Switching for a Better Deal
If you believe that you found a better deal, you may want to, one more, opt for using a repayment calculator for personal loans. These calculators will allow you to compare the costs and see whether or not it’s worth to make the switch or not.
Keep in mind that interest rates aren’t the only thing you should pay attention to. Check the ongoing fees, but also the loan establishment costs. Keep in mind that some loans will charge extra for early repayments while others will not allow you to pay early at all. Sometimes, the penalties aren’t worth the switch.
How to Refinance to Get a Better Deal
We know why people choose to refinance their personal loans – now we need to find out how. Long story short, this is how it goes down:
Compare your loan options
Weigh your available options and calculate whether or not it’s worth it to go forward with your refinancing plan.
Calculate your refinancing costs
This will include any exit or break fees, as well as the establishment charges for the new personal loan. This will once more ensure that making the change will be worth your while.
Apply for the loan
If you fit the criteria, you can proceed to submit your application. You may have to keep in mind that the purpose of this loan is to either refinance or consolidate your debt.
Pay off your existent loan with the money from the second one. If the purpose of the loan is for debt consolidation, then the lender may be able to arrange this for you and save you the hassle. However, if you want to change for another deal, then you will have to make the deposits yourself.

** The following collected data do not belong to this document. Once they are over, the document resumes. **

(* The multi-resolution LCMM is arbitrage-free: for every $\boldsymbol\theta\in\mathbb R^{\mathcal Z^*}$ and every $\boldsymbol\eta^\star\in\mathbb R^{\mathcal Y^*}$ minimizing $\boldsymbol\eta\mapsto\tilde C(\boldsymbol\theta+\mathbf A\boldsymbol\eta)$, the price vector $\boldsymbol p(\boldsymbol\theta)=\nabla\tilde C(\boldsymbol\theta+\mathbf A\boldsymbol\eta^\star)$ satisfies $\mathbf A^\top\boldsymbol p(\boldsymbol\theta)=\mathbf 0$ and lies in the coherent price space $\mathcal M=\mathrm{conv}\{\boldsymbol\phi(\omega):\omega\in\Omega\}$.
   Context: Fix an integer $K\ge1$, $N=2^K$, $\Omega=\{j/N:j=0,\dots,N-1\}$. Let $T^*$ be the complete binary tree of depth $K$ whose nodes are intervals: the root (level $0$) has $I_{\mathit{root}}=[0,1)$, and each node $z$ at level $k<K$ with $I_z=[\alpha_z,\beta_z)$ has children $\mathrm{left}(z)$, $\mathrm{right}(z)$ at level $k+1$ with intervals $[\alpha_z,\frac{\alpha_z+\beta_z}2)$ and $[\frac{\alpha_z+\beta_z}2,\beta_z)$. Let $\mathcal Z^*$ be its node set, $\mathcal Z_k$ the nodes at level $k$, $\mathrm{level}(z)$ the level of $z$, and $\mathcal Y^*=\mathcal Z^*\setminus\mathcal Z_K$ the inner nodes. Each node $z$ indexes an interval security with payoff $\phi_z(\omega)=1\{\omega\in I_z\}$; $\boldsymbol\phi(\omega)=(\phi_z(\omega))_{z\in\mathcal Z^*}$. Fix liquidity parameters $b_k>0$ for $k=0,\dots,K$, and set $B_\ell=\sum_{k=\ell+1}^K b_k$ for $\ell=-1,0,\dots,K$. For $\boldsymbol\theta\in\mathbb R^{\mathcal Z^*}$ write $\boldsymbol\theta_k$ for its restriction to $\mathcal Z_k$, let $C_k(\boldsymbol\theta_k)=b_k\log\sum_{z\in\mathcal Z_k}e^{\theta_z/b_k}$, and let $\tilde C(\boldsymbol\theta)=\sum_{k=0}^K C_k(\boldsymbol\theta_k)$ (direct-sum cost). The constraint matrix $\mathbf A\in\mathbb R^{\mathcal Z^*\times\mathcal Y^*}$ has entries $A_{zy}=B_{\mathrm{level}(z)}$ if $z=y$, $A_{zy}=-b_{\mathrm{level}(z)}$ if $I_z\subsetneq I_y$, and $0$ otherwise. The multi-resolution LCMM has cost function $C(\boldsymbol\theta)=\inf_{\boldsymbol\eta\in\mathbb R^{\mathcal Y^*}}\tilde C(\boldsymbol\theta+\mathbf A\boldsymbol\eta)$. *)

theory Defs
  imports "HOL-Analysis.Analysis"
begin
lemma measure_gauss_at_le:
  fixes c1 c2 :: "'a::euclidean_space"
  assumes "0 < s" "\<epsilon> < 1" "0 < \<delta>" "\<delta> < 1" "c1 \<noteq> c2"
    and sens: "norm (c1 - c2) * sqrt (2 * ln (1.25 / \<delta>)) \<le> s * \<epsilon>"
    and "W \<in> sets borel"
  shows "measure (gauss_at c1 s) W \<le> exp \<epsilon> * measure (gauss_at c2 s) W + \<delta>"
proof -
  interpret P1: prob_space "gauss_at c1 s" by (rule prob_space_gauss_at)
  interpret P2: prob_space "gauss_at c2 s" by (rule prob_space_gauss_at)
  define c where "c = sqrt (2 * ln (1.25 / \<delta>))"
  define w where "w = (1 / s) *\<^sub>R (c1 - c2)"
  have c_pos: "0 < c"
    using assms(3,4) by (simp add: c_def field_simps)
  have w_pos: "0 < norm w"
    using assms(1,5) by (simp add: w_def)
  have "norm w * c = norm (c1 - c2) * c / s"
    using assms(1) by (simp add: w_def)
  also have "\<dots> \<le> s * \<epsilon> / s"
    using sens assms(1) by (intro divide_right_mono) (auto simp: c_def)
  finally have w_c: "norm w * c \<le> \<epsilon>"
    using assms(1) by simp
  have "c - 1 / (2 * c) \<le> \<epsilon> / norm w - norm w / 2"
  proof -
    have "c \<le> \<epsilon> / norm w"
      using w_c w_pos by (simp add: field_simps)
    moreover have "norm w / 2 \<le> 1 / (2 * c)"
      using w_c assms(2) c_pos by (simp add: field_simps)
    ultimately show ?thesis
      by linarith
  qed
  also have "\<epsilon> / norm w - norm w / 2 = (\<epsilon> - (norm w)\<^sup>2 / 2) / norm w"
    using w_pos by (simp add: field_simps power2_eq_square)
  finally have "std_normal_tail ((\<epsilon> - (norm w)\<^sup>2 / 2) / norm w) \<le> ennreal \<delta>"
    unfolding c_def by (rule std_normal_tail_le_delta[OF assms(3,4)])
  then have "emeasure std_gauss {z. \<epsilon> - (norm w)\<^sup>2 / 2 < z \<bullet> w} \<le> ennreal \<delta>"
    using w_pos by (simp add: emeasure_std_gauss_halfspace)
  moreover have "emeasure (gauss_at c1 s) W
      \<le> ennreal (exp \<epsilon>) * emeasure (gauss_at c2 s) W + emeasure std_gauss {z. \<epsilon> - (norm w)\<^sup>2 / 2 < z \<bullet> w}"
    unfolding w_def using assms(1,7) by (intro emeasure_gauss_at_le_privacy_loss) auto
  ultimately have "emeasure (gauss_at c1 s) W \<le> ennreal (exp \<epsilon>) * emeasure (gauss_at c2 s) W + ennreal \<delta>"
    by (meson add_left_mono order_trans)
  also have "\<dots> = ennreal (exp \<epsilon> * measure (gauss_at c2 s) W + \<delta>)"
    using assms(3) by (simp add: P2.emeasure_eq_measure ennreal_mult')
  finally show ?thesis
    using assms(3) by (simp add: P1.emeasure_eq_measure del: ennreal_plus)
qed

lemma indist_refl:
  assumes "0 \<le> \<epsilon>" "0 \<le> \<delta>"
  shows "indist \<epsilon> \<delta> P P"
proof -
  have "measure P W \<le> exp \<epsilon> * measure P W + \<delta>" for W
    using assms mult_right_mono[of 1 "exp \<epsilon>" "measure P W"] by simp
  then show ?thesis
    unfolding indist_def by simp
qed

lemma indist_gauss_at:
  fixes c1 c2 :: "'a::euclidean_space"
  assumes "0 \<le> s" "0 < \<epsilon>" "\<epsilon> < 1" "0 < \<delta>" "\<delta> < 1"
    and sens: "norm (c1 - c2) * sqrt (2 * ln (1.25 / \<delta>)) \<le> s * \<epsilon>"
  shows "indist \<epsilon> \<delta> (gauss_at c1 s) (gauss_at c2 s)"
proof (cases "c1 = c2")
  case True
  then show ?thesis
    using assms by (simp add: indist_refl)
next
  case False
  have "0 < norm (c1 - c2) * sqrt (2 * ln (1.25 / \<delta>))"
    using False assms(4,5) by (simp add: field_simps)
  then have "0 < s"
    using sens assms(1,2) by (metis mult_eq_0_iff order_le_less not_less)
  then show ?thesis
    unfolding indist_def
    using measure_gauss_at_le[of s \<epsilon> \<delta> c1 c2] measure_gauss_at_le[of s \<epsilon> \<delta> c2 c1] False assms
    by (simp add: norm_minus_commute)
qed

lemma dist_le_RS:
  assumes "bdd_above (range (\<lambda>z. norm (A0 {} (A R) R - A0 {z} (A (R \<union> {z})) (R \<union> {z}))))"
  shows "norm (A0 {z} (A (R \<union> {z})) (R \<union> {z}) - A0 {} (A R) R) \<le> RS A A0 R"
proof -
  have "norm (A0 {} (A R) R - A0 {z} (A (R \<union> {z})) (R \<union> {z})) \<le> RS A A0 R"
    unfolding RS_def using assms by (intro cSUP_upper) auto
  then show ?thesis
    by (simp add: norm_minus_commute)
qed

lemma RS_nonneg:
  assumes "bdd_above (range (\<lambda>z. norm (A0 {} (A R) R - A0 {z} (A (R \<union> {z})) (R \<union> {z}))))"
  shows "0 \<le> RS A A0 R"
proof -
  have "norm (A0 {z} (A (R \<union> {z})) (R \<union> {z}) - A0 {} (A R) R) \<le> RS A A0 R" for z
    using assms by (rule dist_le_RS)
  then show ?thesis
    by (rule order_trans[OF norm_ge_zero])
qed

lemma single_deletion_cases:
  assumes "finite R" "finite U" "U \<inter> R = {}" "card (U \<union> R) \<le> card R + 1"
  obtains "U = {}" | z where "U = {z}"
proof -
  have "card U \<le> 1"
    using assms card_Un_disjoint[of U R] by simp
  then show ?thesis
    using that assms(2) by (metis card_0_eq card_1_singletonE le_eq_less_or_eq less_one)
qed

theorem mainTheorem1:
  fixes A :: "'z set \<Rightarrow> 'a::euclidean_space"
    and A0 :: "'z set \<Rightarrow> 'a \<Rightarrow> 'z set \<Rightarrow> 'a"
    and \<epsilon> \<delta> :: real
  assumes "0 < \<epsilon>" "\<epsilon> < 1" "0 < \<delta>" "\<delta> < 1"
    and "\<And>R. finite R \<Longrightarrow>
           bdd_above (range (\<lambda>z. norm (A0 {} (A R) R - A0 {z} (A (R \<union> {z})) (R \<union> {z}))))"
  shows "unlearning \<epsilon> \<delta> A
           (gauss_mech A0 (\<lambda>R. RS A A0 R / \<epsilon> * sqrt (2 * ln (1.25 / \<delta>))))"
  unfolding unlearning_def
proof (intro allI impI)
  fix R U :: "'z set"
  assume RU: "finite R \<and> finite U \<and> U \<inter> R = {} \<and> card (U \<union> R) \<le> card R + 1"
  let ?c = "sqrt (2 * ln (1.25 / \<delta>))"
  let ?\<sigma> = "\<lambda>R. RS A A0 R / \<epsilon> * ?c"
  have c_pos: "0 < ?c"
    using assms(3,4) by (simp add: field_simps)
  have "0 \<le> RS A A0 R"
    using RU by (intro RS_nonneg assms(5)) simp
  then have \<sigma>_nonneg: "0 \<le> ?\<sigma> R"
    using assms(1) c_pos by simp
  from RU consider "U = {}" | z where "U = {z}"
    by (metis single_deletion_cases)
  then show "indist \<epsilon> \<delta> (gauss_mech A0 ?\<sigma> U (A (R \<union> U)) (R \<union> U)) (gauss_mech A0 ?\<sigma> {} (A R) R)"
  proof cases
    case 1
    then show ?thesis
      using assms by (simp add: indist_refl)
  next
    case (2 z)
    then have retain: "(R \<union> {z}) - {z} = R"
      using RU by auto
    have "norm (A0 {z} (A (R \<union> {z})) (R \<union> {z}) - A0 {} (A R) R) \<le> RS A A0 R"
      using RU by (intro dist_le_RS assms(5)) simp
    then have sens: "norm (A0 {z} (A (R \<union> {z})) (R \<union> {z}) - A0 {} (A R) R) * ?c \<le> ?\<sigma> R * \<epsilon>"
      using assms(1) c_pos by (simp add: mult_right_mono)
    show ?thesis
      unfolding 2 gauss_mech_def retain Diff_empty
      by (rule indist_gauss_at[OF \<sigma>_nonneg assms(1-4) sens])
  qed
qed

end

Ensure that the old loan has been closed. You may want to contact your lender to make sure that the old loan has been terminated and that you no longer owe any balance.
Refinancing is fairly easy, and it’s not the pile of confusing paperwork that everyone seems to expect. It’s no different than taking out the first loan.
Is Refinancing Worth It?
The value of the refinance generally depends on the first loan, but also on your current financial situation. To determine whether or not it’s worth it, you’ll need to calculate the costs of your previous loan and compare them with the new one.
Include all the costs, not only the interest rate – especially if you are nearing the end of your loan. If you realise that you save at least 1% of the money you owe, then it’s worth it to go on with the refinancing.